[Opening Data provided section]

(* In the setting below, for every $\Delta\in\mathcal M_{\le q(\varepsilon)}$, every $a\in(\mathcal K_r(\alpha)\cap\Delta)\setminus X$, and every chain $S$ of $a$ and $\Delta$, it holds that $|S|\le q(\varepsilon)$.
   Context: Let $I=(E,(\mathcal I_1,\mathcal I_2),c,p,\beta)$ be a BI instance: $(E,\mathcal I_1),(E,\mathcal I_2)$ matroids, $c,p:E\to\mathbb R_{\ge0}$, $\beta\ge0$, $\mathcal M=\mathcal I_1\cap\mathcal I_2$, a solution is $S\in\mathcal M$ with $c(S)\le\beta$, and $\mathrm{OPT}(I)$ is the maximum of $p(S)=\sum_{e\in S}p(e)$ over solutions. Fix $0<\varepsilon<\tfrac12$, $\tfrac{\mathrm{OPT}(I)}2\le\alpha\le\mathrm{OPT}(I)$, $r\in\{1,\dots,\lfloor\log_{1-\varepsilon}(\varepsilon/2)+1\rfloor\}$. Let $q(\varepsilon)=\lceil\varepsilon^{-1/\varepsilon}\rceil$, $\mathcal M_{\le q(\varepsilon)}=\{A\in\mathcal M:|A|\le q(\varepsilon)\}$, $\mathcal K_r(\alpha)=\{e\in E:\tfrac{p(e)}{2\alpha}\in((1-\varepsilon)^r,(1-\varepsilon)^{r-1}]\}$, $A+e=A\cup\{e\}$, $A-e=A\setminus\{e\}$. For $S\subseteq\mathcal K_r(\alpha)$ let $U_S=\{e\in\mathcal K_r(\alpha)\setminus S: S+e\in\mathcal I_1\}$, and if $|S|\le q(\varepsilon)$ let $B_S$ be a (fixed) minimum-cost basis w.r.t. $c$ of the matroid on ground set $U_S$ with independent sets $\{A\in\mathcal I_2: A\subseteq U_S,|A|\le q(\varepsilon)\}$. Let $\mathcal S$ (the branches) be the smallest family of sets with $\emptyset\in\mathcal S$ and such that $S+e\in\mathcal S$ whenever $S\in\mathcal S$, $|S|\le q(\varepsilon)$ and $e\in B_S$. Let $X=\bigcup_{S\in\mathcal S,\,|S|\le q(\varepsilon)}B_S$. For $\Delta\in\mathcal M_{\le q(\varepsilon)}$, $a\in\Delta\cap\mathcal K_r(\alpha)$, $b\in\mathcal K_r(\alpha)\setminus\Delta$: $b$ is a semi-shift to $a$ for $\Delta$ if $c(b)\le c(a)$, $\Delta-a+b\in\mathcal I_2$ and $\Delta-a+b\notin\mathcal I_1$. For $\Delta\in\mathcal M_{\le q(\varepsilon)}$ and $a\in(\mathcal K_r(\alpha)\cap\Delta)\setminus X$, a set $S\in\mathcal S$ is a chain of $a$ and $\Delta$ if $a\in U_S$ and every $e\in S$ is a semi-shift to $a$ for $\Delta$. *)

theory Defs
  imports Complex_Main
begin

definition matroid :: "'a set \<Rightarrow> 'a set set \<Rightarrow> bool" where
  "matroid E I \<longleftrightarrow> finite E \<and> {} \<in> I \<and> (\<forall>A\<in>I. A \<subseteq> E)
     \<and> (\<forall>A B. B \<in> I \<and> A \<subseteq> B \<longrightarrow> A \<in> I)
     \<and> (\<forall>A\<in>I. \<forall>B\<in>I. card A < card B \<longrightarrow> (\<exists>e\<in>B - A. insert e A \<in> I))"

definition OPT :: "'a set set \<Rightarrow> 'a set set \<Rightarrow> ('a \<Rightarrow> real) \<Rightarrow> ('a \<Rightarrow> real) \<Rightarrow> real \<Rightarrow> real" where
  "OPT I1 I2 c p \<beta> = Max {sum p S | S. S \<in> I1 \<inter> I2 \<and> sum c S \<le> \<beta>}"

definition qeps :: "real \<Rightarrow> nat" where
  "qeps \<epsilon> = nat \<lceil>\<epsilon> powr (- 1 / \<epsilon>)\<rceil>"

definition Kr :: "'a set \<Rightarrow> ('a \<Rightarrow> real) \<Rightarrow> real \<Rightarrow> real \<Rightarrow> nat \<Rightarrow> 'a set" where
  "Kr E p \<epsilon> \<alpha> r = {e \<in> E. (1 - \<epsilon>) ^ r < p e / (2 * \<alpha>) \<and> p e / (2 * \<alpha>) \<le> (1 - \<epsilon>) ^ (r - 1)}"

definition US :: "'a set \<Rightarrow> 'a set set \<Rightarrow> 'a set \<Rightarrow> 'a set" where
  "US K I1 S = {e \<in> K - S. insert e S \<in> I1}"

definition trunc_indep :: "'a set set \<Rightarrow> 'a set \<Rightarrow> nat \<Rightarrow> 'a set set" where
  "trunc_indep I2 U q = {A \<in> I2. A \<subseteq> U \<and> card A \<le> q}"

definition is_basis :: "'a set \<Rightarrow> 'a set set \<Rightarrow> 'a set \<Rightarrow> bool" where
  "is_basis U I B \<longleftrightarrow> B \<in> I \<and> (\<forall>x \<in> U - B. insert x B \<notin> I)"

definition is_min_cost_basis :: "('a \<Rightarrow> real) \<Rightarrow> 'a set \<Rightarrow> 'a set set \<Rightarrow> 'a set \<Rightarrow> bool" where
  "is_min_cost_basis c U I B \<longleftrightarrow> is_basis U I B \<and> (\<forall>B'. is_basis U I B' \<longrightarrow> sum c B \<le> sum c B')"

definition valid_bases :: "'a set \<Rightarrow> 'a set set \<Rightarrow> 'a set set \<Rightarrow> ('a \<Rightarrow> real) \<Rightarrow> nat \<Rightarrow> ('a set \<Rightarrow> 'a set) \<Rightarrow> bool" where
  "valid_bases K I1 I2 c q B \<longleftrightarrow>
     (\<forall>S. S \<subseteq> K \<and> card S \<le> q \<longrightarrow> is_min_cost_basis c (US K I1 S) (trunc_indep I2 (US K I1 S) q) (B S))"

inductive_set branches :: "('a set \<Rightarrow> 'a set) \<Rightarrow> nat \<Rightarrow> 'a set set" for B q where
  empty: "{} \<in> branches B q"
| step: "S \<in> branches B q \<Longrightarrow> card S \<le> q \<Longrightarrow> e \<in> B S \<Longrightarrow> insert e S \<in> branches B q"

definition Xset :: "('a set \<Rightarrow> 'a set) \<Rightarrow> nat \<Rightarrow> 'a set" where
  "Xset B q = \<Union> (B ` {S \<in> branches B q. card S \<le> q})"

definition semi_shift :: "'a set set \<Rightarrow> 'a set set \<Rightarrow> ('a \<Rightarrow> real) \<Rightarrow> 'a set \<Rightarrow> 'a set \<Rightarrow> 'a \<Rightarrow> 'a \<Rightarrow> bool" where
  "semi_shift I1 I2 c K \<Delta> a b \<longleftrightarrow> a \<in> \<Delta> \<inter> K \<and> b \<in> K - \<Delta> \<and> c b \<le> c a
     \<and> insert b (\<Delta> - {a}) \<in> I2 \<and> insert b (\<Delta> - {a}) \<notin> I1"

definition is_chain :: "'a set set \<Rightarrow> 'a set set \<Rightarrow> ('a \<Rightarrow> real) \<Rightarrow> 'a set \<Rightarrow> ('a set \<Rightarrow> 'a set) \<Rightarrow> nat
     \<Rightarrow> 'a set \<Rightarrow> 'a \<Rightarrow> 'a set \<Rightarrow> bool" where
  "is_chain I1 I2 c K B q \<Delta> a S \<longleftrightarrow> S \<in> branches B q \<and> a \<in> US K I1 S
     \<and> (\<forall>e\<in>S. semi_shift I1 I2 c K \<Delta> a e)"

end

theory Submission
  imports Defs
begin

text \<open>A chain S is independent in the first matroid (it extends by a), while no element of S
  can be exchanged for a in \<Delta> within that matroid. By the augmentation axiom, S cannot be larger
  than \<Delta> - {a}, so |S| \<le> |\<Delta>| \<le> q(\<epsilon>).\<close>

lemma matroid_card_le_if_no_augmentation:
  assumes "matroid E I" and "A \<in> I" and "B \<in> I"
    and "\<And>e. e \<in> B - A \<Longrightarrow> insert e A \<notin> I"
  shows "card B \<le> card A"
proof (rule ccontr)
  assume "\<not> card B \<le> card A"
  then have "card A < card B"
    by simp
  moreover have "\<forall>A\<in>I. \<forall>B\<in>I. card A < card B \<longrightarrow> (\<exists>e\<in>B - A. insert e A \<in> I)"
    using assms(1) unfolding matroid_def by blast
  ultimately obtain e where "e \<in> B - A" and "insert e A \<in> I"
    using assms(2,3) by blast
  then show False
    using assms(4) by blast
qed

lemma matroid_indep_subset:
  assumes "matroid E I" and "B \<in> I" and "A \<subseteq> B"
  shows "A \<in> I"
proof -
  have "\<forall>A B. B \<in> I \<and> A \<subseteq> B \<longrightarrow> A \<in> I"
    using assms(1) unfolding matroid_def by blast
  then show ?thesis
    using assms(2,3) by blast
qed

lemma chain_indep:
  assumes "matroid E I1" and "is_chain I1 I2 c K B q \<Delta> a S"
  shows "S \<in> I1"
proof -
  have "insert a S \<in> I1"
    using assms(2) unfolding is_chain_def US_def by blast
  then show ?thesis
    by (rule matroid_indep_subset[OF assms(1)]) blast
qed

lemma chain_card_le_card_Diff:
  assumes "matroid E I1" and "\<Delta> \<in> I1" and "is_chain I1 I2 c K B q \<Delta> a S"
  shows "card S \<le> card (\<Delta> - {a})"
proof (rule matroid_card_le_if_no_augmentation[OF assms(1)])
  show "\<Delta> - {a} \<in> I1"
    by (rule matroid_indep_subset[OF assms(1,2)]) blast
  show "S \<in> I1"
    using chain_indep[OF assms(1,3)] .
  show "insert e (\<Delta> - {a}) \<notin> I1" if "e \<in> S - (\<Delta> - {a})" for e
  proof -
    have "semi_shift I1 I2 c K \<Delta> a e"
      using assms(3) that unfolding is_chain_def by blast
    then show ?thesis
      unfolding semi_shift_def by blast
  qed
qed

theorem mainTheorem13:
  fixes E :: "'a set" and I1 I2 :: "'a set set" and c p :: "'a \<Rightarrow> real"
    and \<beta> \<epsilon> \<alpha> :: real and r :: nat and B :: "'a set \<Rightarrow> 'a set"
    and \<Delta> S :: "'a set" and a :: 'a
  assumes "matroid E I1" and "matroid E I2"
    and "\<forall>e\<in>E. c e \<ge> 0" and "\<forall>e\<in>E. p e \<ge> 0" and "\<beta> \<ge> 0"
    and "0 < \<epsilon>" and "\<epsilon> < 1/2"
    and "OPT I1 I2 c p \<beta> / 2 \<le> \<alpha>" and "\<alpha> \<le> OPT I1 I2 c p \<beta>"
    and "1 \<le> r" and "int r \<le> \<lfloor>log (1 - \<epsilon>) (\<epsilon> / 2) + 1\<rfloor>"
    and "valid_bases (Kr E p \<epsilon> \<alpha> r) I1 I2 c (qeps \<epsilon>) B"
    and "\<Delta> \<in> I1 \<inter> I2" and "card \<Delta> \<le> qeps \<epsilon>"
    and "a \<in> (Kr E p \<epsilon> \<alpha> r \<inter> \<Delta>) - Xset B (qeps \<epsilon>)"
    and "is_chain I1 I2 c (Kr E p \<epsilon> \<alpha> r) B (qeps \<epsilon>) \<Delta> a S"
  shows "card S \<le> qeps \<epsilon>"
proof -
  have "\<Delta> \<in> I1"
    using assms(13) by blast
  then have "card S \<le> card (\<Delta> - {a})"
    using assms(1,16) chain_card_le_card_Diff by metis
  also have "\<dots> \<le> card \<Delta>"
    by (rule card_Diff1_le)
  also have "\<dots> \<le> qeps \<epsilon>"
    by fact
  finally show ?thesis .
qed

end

[Closing Data provided section]

Every line in the entries above that has the word "unfolding" should be identified and copied.

* **Exercise output**:
    using assms(1) unfolding matroid_def by blast
    using assms(1) unfolding matroid_def by blast
    using assms(2) unfolding is_chain_def US_def by blast
      using assms(3) that unfolding is_chain_def by blast
      unfolding semi_shift_def by blast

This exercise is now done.